(* Let $(D,\Gamma)$ be a consistent action theory, $n\ge0$, and let $X$ be an answer set of the program $\pi$. Then: (i) $s_t(X)$ is a state of $D$ for every $t\in\{0,\dots,n\}$; (ii) for every $t\in\{0,\dots,n-1\}$ and action $a$, if $occ(a,t)\in X$ then $a$ is executable in $s_t(X)$ and $s_{t+1}(X)\in\Phi(a,s_t(X))$; (iii) for every $t\in\{0,\dots,n-1\}$, if $occ(a,t)\notin X$ for every action $a$, then $s_{t+1}(X)=s_t(X)$.
   Context: Action language $\mathcal{B}$: fix finite sets $\mathbf{F}$ of fluents and $\mathbf{A}$ of actions. A fluent literal is $f$ or $\neg f$ ($f\in\mathbf{F}$); the complement $\bar l$ of $f$ is $\neg f$ and of $\neg f$ is $f$. A set of fluent literals is consistent if it contains no pair $f,\neg f$; an interpretation is a maximal consistent set. For a set $u$ of literals, $u\models p_1\wedge\dots\wedge p_k$ means $\{p_1,\dots,p_k\}\subseteq u$. A domain description $D$ is a finite set of static causal laws $\mathbf{caused}(\{p_1,\dots,p_k\},f)$ (their set is $D_C$), dynamic causal laws $\mathbf{causes}(a,f,\{p_1,\dots,p_k\})$ and executability conditions $\mathbf{executable}(a,\{p_1,\dots,p_k\})$, with $a\in\mathbf{A}$ and $f,p_i$ fluent literals; $\Gamma$ is a set of propositions $\mathbf{initially}(f)$. A consistent set $u$ is closed under $D_C$ if for every $\mathbf{caused}(P,f)\in D_C$ with $P\subseteq u$, $f\in u$; $Cl_{D_C}(u)$ is the least consistent superset of $u$ closed under $D_C$ (undefined if none). A state is an interpretation closed under $D_C$. Action $a$ is executable in state $s$ if some $\mathbf{executable}(a,P)\in D$ has $P\subseteq s$. $E(a,s)=\{f\mid \mathbf{causes}(a,f,P)\in D,\ P\subseteq s\}$. $\Phi(a,s)=\{s'\mid s'\text{ a state},\ s'=Cl_{D_C}(E(a,s)\cup(s\cap s'))\}$ if $a$ is executable in $s$, and $\Phi(a,s)=\emptyset$ otherwise. A trajectory is a sequence $s_0a_0s_1\dots a_{m-1}s_m$ of states $s_i$ and actions $a_i$ with $s_{i+1}\in\Phi(a_i,s_i)$. $D$ is consistent if $\Phi(a,s)\ne\emptyset$ whenever $a$ is executable in state $s$; $(D,\Gamma)$ is consistent if $D$ is consistent and $s_0^\Gamma:=\{f\mid\mathbf{initially}(f)\in\Gamma\}$ is a state of $D$. Answer sets: a ground normal program consists of rules $h\leftarrow b_1,\dots,b_m,\mathit{not}\,c_1,\dots,\mathit{not}\,c_r$ and constraints $\bot\leftarrow b_1,\dots,b_m,\mathit{not}\,c_1,\dots,\mathit{not}\,c_r$. For a set $S$ of atoms, the reduct $\Pi^S$ deletes every rule/constraint containing $\mathit{not}\,c$ with $c\in S$ and deletes all $\mathit{not}$-literals from the rest; $S$ is an answer set of $\Pi$ if $S$ is the least set of atoms closed under the non-constraint rules of $\Pi^S$ and no constraint of $\Pi^S$ has its whole body contained in $S$. The program $\pi$ (ground; $t$ ranges over $\{0,\dots,n\}$ unless stated): (1) $holds(l,0)\leftarrow$ for each $\mathbf{initially}(l)\in\Gamma$; (2) $possible(a,t)\leftarrow holds(p_1,t),\dots,holds(p_k,t)$ for each $\mathbf{executable}(a,\{p_1,\dots,p_k\})\in D$; (3) for $t\in\{0,\dots,n-1\}$, $holds(f,t+1)\leftarrow occ(a,t),possible(a,t),holds(p_1,t),\dots,holds(p_k,t)$ for each $\mathbf{causes}(a,f,\{p_1,\dots,p_k\})\in D$; (4) $holds(f,t)\leftarrow holds(p_1,t),\dots,holds(p_k,t)$ for each $\mathbf{caused}(\{p_1,\dots,p_k\},f)\in D$; (5) $occ(a,t)\leftarrow possible(a,t),\mathit{not}\,nocc(a,t)$ for each action $a$; (6) $nocc(a,t)\leftarrow occ(b,t)$ for each pair of distinct actions $a\ne b$; (7) for $t\in\{0,\dots,n-1\}$, $holds(l,t+1)\leftarrow holds(l,t),\mathit{not}\,holds(\bar l,t+1)$ for each fluent literal $l$; (8) $\bot\leftarrow holds(f,t),holds(\neg f,t)$ for each fluent $f$. For a set $M$ of atoms, $s_i(M)=\{l\mid l\text{ a fluent literal},\ holds(l,i)\in M\}$. *)

theory Defs
  imports Main
begin
lemma tensor_cong_sum_left:
  assumes "module sM" "finite K"
  shows "tensor_cong sM sN (tdelta (\<Sum>k\<in>K. u k, v)) (\<Sum>k\<in>K. tdelta (u k, v))"
  using assms(2)
proof (induction K rule: finite_induct)
  case empty
  show ?case
    using tensor_cong_scale_left[of sM sN 0 "u undefined" v]
    by (simp add: module.scale_zero_left[OF assms(1)] fscale_def zero_fun_def)
next
  case (insert k K)
  show ?case
    unfolding sum.insert[OF insert.hyps]
  proof (rule tensor_cong_trans[OF tensor_cong_add_left])
    show "tensor_cong sM sN (tdelta (u k, v) + tdelta (sum u K, v))
        (tdelta (u k, v) + (\<Sum>k\<in>K. tdelta (u k, v)))"
      using insert.IH by (simp only: tensor_cong_def add_diff_cancel_left)
  qed
qed

lemma tensor_cong_sum_right:
  assumes "module sN" "finite K"
  shows "tensor_cong sM sN (tdelta (u, \<Sum>k\<in>K. v k)) (\<Sum>k\<in>K. tdelta (u, v k))"
  using assms(2)
proof (induction K rule: finite_induct)
  case empty
  show ?case
    using tensor_cong_scale_right[of sM sN u 0 "v undefined"]
    by (simp add: module.scale_zero_left[OF assms(1)] fscale_def zero_fun_def)
next
  case (insert k K)
  show ?case
    unfolding sum.insert[OF insert.hyps]
  proof (rule tensor_cong_trans[OF tensor_cong_add_right])
    show "tensor_cong sM sN (tdelta (u, v k) + tdelta (u, sum v K))
        (tdelta (u, v k) + (\<Sum>k\<in>K. tdelta (u, v k)))"
      using insert.IH by (simp only: tensor_cong_def add_diff_cancel_left)
  qed
qed

lemma mult_power_add_eq_0:
  fixes c x y :: "'a::comm_semiring_1"
  assumes "c * x ^ m = 0" "c * y ^ n = 0"
  shows "c * (x + y) ^ (m + n) = 0"
proof -
  have "c * (of_nat (m + n choose k) * x ^ k * y ^ (m + n - k)) = 0" for k
  proof (cases "m \<le> k")
    case True
    then have "x ^ k = x ^ m * x ^ (k - m)"
      by (simp flip: power_add)
    then have "c * (of_nat (m + n choose k) * x ^ k * y ^ (m + n - k)) =
        c * x ^ m * (of_nat (m + n choose k) * x ^ (k - m) * y ^ (m + n - k))"
      by (simp add: mult_ac)
    with assms(1) show ?thesis by simp
  next
    case False
    then have "y ^ (m + n - k) = y ^ n * y ^ (m - k)"
      by (simp add: add.commute flip: power_add)
    then have "c * (of_nat (m + n choose k) * x ^ k * y ^ (m + n - k)) =
        c * y ^ n * (of_nat (m + n choose k) * x ^ k * y ^ (m - k))"
      by (simp add: mult_ac)
    with assms(2) show ?thesis by simp
  qed
  then show ?thesis
    by (simp add: binomial_ring sum_distrib_left)
qed

lemma mult_power_sum_list_eq_0:
  fixes c :: "'a::comm_semiring_1"
  assumes "\<And>z. z \<in> set zs \<Longrightarrow> c * z ^ 2 = 0"
  shows "c * sum_list zs ^ (2 * length zs + 1) = 0"
  using assms
proof (induction zs)
  case (Cons z zs)
  have "c * (z + sum_list zs) ^ (2 + (2 * length zs + 1)) = 0"
    using Cons by (intro mult_power_add_eq_0) auto
  then show ?case by simp
qed simp

lemma sum_list_conv_sum_nth: "(\<Sum>z\<leftarrow>zs. f z) = (\<Sum>j<length zs. f (zs ! j))"
  by (simp add: sum_list_sum_nth atLeast0LessThan)

lemma sum_list_concat_map_upt:
  "(\<Sum>z\<leftarrow>concat (map (\<lambda>i. map (g i) [0..<m]) [0..<n]). f z) = (\<Sum>i<n. \<Sum>j<m. f (g i j))"
  by (induction n) (simp_all add: interv_sum_list_conv_sum_set_nat atLeast0LessThan)

lemma dual_spaceD:
  assumes "r \<in> dual_space s"
  shows "r (s c z) = c * r z" "r (z + z') = r z + r z'"
  using assms unfolding dual_space_def by (auto simp: module_hom.scale module_hom.add)

lemma (in module) scale_sum_list_right: "scale c (\<Sum>z\<leftarrow>zs. f z) = (\<Sum>z\<leftarrow>zs. scale c (f z))"
  by (induction zs) (simp_all add: scale_right_distrib)

(* In P (x) P*, p (x) r and sum_t r(p) p_t (x) q_t have the same evaluation r(p), hence are
   equal; apply the bilinear map (p', q') |-> q'(z) p'. *)
lemma invertible_module_scale_swap:
  fixes sP :: "'k::comm_ring_1 \<Rightarrow> 'p::ab_group_add \<Rightarrow> 'p"
  assumes inv: "invertible_module sP" and r: "r \<in> dual_space sP"
    and ts: "set ts \<subseteq> UNIV \<times> dual_space sP" and one: "(\<Sum>(p, q)\<leftarrow>ts. q p) = 1"
  shows "sP (r z) p = sP (r p) (\<Sum>(p', q')\<leftarrow>ts. sP (q' z) p')"
proof -
  have P: "module sP"
    using inv by (simp add: invertible_module_def fg_projective_def)
  have inj: "\<And>ts us. set ts \<subseteq> UNIV \<times> dual_space sP \<Longrightarrow> set us \<subseteq> UNIV \<times> dual_space sP \<Longrightarrow>
      (\<Sum>(p, q)\<leftarrow>ts. q p) = (\<Sum>(p, q)\<leftarrow>us. q p) \<Longrightarrow>
      tensor_eq sP UNIV (fscale :: 'k \<Rightarrow> _) (dual_space sP) ts us"
    using inv unfolding invertible_module_def by blast
  let ?us = "map (\<lambda>(p', q'). (sP (r p) p', q')) ts"
  have "(\<Sum>(p', q')\<leftarrow>?us. q' p') = (\<Sum>(p', q')\<leftarrow>ts. r p * q' p')"
    using ts by (auto simp: o_def dual_spaceD intro!: arg_cong[of _ _ sum_list] map_cong)
  also have "\<dots> = r p"
    using one by (simp add: sum_list_const_mult case_prod_beta')
  finally have "(\<Sum>(p', q')\<leftarrow>[(p, r)]. q' p') = (\<Sum>(p', q')\<leftarrow>?us. q' p')"
    by simp
  then have "tensor_eq sP UNIV fscale (dual_space sP) [(p, r)] ?us"
    by (rule inj[rotated 2]) (use r ts in auto)
  then have "(\<Sum>(p', q')\<leftarrow>[(p, r)]. sP (q' z) p') = (\<Sum>(p', q')\<leftarrow>?us. sP (q' z) p')"
    by (intro module.tensor_eq_bilinear[OF P])
      (auto simp: module.scale_right_distrib[OF P] module.scale_left_distrib[OF P]
        module.scale_scale[OF P] fscale_def mult.commute)
  then show ?thesis
    by (simp add: o_def case_prod_beta' module.scale_scale[OF P] mult.commute
        module.scale_sum_list_right[OF P])
qed

lemma invertible_module_dual_comm:
  fixes sP :: "'k::comm_ring_1 \<Rightarrow> 'p::ab_group_add \<Rightarrow> 'p"
  assumes inv: "invertible_module sP" and "r \<in> dual_space sP" "r' \<in> dual_space sP"
  shows "r z * r' p = r p * r' z"
proof -
  have P: "module sP"
    using inv by (simp add: invertible_module_def fg_projective_def)
  obtain N :: nat and e f where f: "\<forall>i<N. f i \<in> dual_space sP"
    and basis: "\<forall>z. z = (\<Sum>i<N. sP (f i z) (e i))"
    using inv unfolding invertible_module_def fg_projective_def by blast
  obtain ts where ts: "set ts \<subseteq> UNIV \<times> dual_space sP" and one: "(\<Sum>(p, q)\<leftarrow>ts. q p) = 1"
    using inv unfolding invertible_module_def by blast
  define E where "E z = (\<Sum>(p', q')\<leftarrow>ts. sP (q' z) p')" for z
  define \<tau> where "\<tau> = (\<Sum>i<N. f i (e i))"
  have swap: "sP (r z) p = sP (r p) (E z)" if "r \<in> dual_space sP" for r z p
    unfolding E_def using invertible_module_scale_swap[OF inv that ts one] .
  have trace: "z = sP \<tau> (E z)" for z
  proof -
    have "z = (\<Sum>i<N. sP (f i z) (e i))"
      using basis by blast
    also have "\<dots> = (\<Sum>i<N. sP (f i (e i)) (E z))"
      using f by (intro sum.cong refl swap) auto
    also have "\<dots> = sP \<tau> (E z)"
      by (simp add: \<tau>_def module.scale_sum_left[OF P])
    finally show ?thesis .
  qed
  have comm_trace: "\<tau> * (r z * r' p) = r p * r' z"
    if r: "r \<in> dual_space sP" and r': "r' \<in> dual_space sP" for r r' z p
  proof -
    have "r' z = \<tau> * r' (E z)"
      using trace[of z] dual_spaceD(1)[OF r'] by metis
    moreover have "r z * r' p = r p * r' (E z)"
      using arg_cong[OF swap[OF r], of r'] dual_spaceD(1)[OF r'] by simp
    ultimately show ?thesis
      by (simp add: mult_ac)
  qed
  \<comment> \<open>\<open>1 - \<tau>\<close> kills each \<open>c\<^sup>2\<close>, hence a power of their sum \<open>1\<close>.\<close>
  have "(1 - \<tau>) * c ^ 2 = 0" if c_in: "c \<in> set (map (\<lambda>(p, q). q p) ts)" for c
  proof -
    obtain p q where "(p, q) \<in> set ts" and c: "c = q p"
      using c_in by auto
    then have "q \<in> dual_space sP"
      using ts by auto
    from comm_trace[OF this this, of p p] c show ?thesis
      by (simp add: power2_eq_square left_diff_distrib)
  qed
  then have "(1 - \<tau>) * (\<Sum>(p, q)\<leftarrow>ts. q p) ^ (2 * length (map (\<lambda>(p, q). q p) ts) + 1) = 0"
    by (rule mult_power_sum_list_eq_0)
  then have "\<tau> = 1"
    using one by simp
  with comm_trace assms show ?thesis
    by simp
qed

locale frobenius_algebra_system =
  fixes sP :: "'k::comm_ring_1 \<Rightarrow> 'p::ab_group_add \<Rightarrow> 'p"
    and sA :: "'k \<Rightarrow> 'a::ring_1 \<Rightarrow> 'a"
    and \<psi> :: "'a \<Rightarrow> 'p"
    and n :: nat and x :: "nat \<Rightarrow> 'a" and q :: "nat \<Rightarrow> 'p \<Rightarrow> 'k" and y :: "nat \<Rightarrow> 'a"
  assumes algebra: "k_algebra sA"
    and system: "frobenius_system sP sA \<psi> n x q y"
begin

lemma module_A: "module sA"
  using algebra by (simp add: k_algebra_def)

lemma scale_mult_left: "sA c (a * b) = sA c a * b"
  using algebra by (simp add: k_algebra_def)

lemma scale_mult_right: "sA c (a * b) = a * sA c b"
  using algebra unfolding k_algebra_def by blast

lemma q_dual: "i < n \<Longrightarrow> q i \<in> dual_space sP"
  using system by (simp add: frobenius_system_def)

lemma expansion_x: "(\<Sum>i<n. sA (q i (\<psi> (y i * a))) (x i)) = a"
  using system by (simp add: frobenius_system_def)

lemma expansion_y: "(\<Sum>i<n. sA (q i (\<psi> (a * x i))) (y i)) = a"
  using system by (simp add: frobenius_system_def)

lemma psi_hom: "module_hom sA sP \<psi>"
  using system by (simp add: frobenius_system_def)
(* For any POVM $\{\mathcal{M}_i\}_{i\in\mathcal{O}}$ on $\mathcal{H}$, \[K^*(\{\mathcal{M}_i\}_{i\in\mathcal{O}})=\max_{A\subseteq\mathcal{O}}\big[\lambda_{\max}(\mathcal{M}_A)-\lambda_{\min}(\mathcal{M}_A)\big],\qquad \mathcal{M}_A=\sum_{i\in A}\mathcal{M}_i,\] where $\lambda_{\max},\lambda_{\min}$ are the largest and smallest eigenvalues (with $\mathcal{M}_\emptyset=0$). Moreover, if $A^*$ attains the maximum and $|\psi\rangle,|\phi\rangle$ are mutually orthogonal normalized eigenvectors of $\mathcal{M}_{A^*}$ for its largest and smallest eigenvalues respectively, then with $\psi=|\psi\rangle\langle\psi|$, $\phi=|\phi\rangle\langle\phi|$, \[2K^*(\{\mathcal{M}_i\}_{i\in\mathcal{O}})=\sum_{i\in\mathcal{O}}|\mathrm{tr}(\mathcal{M}_i(\psi-\phi))|.\]
   Context: $\mathcal{H}$ is a finite-dimensional Hilbert space of dimension at least 2, $\mathcal{D}(\mathcal{H})$ its density matrices. A POVM is a finite family $\{\mathcal{M}_i\}_{i\in\mathcal{O}}$ of positive semidefinite matrices with $\sum_i\mathcal{M}_i=I$, and $K^*(\{\mathcal{M}_i\}_{i\in\mathcal{O}})=\max_{\rho,\sigma\in\mathcal{D}(\mathcal{H})}\frac12\sum_{i\in\mathcal{O}}|\mathrm{tr}(\mathcal{M}_i(\rho-\sigma))|$. *)

theory Defs
  imports "Jordan_Normal_Form.Schur_Decomposition"
begin

(* Hilbert space H = C^n; operators are complex n x n matrices (Jordan_Normal_Form). *)

definition mtrace :: "complex mat \<Rightarrow> complex" where
  "mtrace A = (\<Sum>i<dim_row A. A $$ (i, i))"

definition hermitian :: "complex mat \<Rightarrow> bool" where
  "hermitian A \<longleftrightarrow> mat_adjoint A = A"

▶ _Problem description_: The expected output is exactly the lines of the listing above between the line holding "(\<lambda>(p', q'). (sP" and the line holding "by (intro module.tensor_eq_bilinear[OF", inclusive.

▶ _Exercise result_:
  let ?us = "map (\<lambda>(p', q'). (sP (r p) p', q')) ts"
  have "(\<Sum>(p', q')\<leftarrow>?us. q' p') = (\<Sum>(p', q')\<leftarrow>ts. r p * q' p')"
    using ts by (auto simp: o_def dual_spaceD intro!: arg_cong[of _ _ sum_list] map_cong)
  also have "\<dots> = r p"
    using one by (simp add: sum_list_const_mult case_prod_beta')
  finally have "(\<Sum>(p', q')\<leftarrow>[(p, r)]. q' p') = (\<Sum>(p', q')\<leftarrow>?us. q' p')"
    by simp
  then have "tensor_eq sP UNIV fscale (dual_space sP) [(p, r)] ?us"
    by (rule inj[rotated 2]) (use r ts in auto)
  then have "(\<Sum>(p', q')\<leftarrow>[(p, r)]. sP (q' z) p') = (\<Sum>(p', q')\<leftarrow>?us. sP (q' z) p')"
    by (intro module.tensor_eq_bilinear[OF P])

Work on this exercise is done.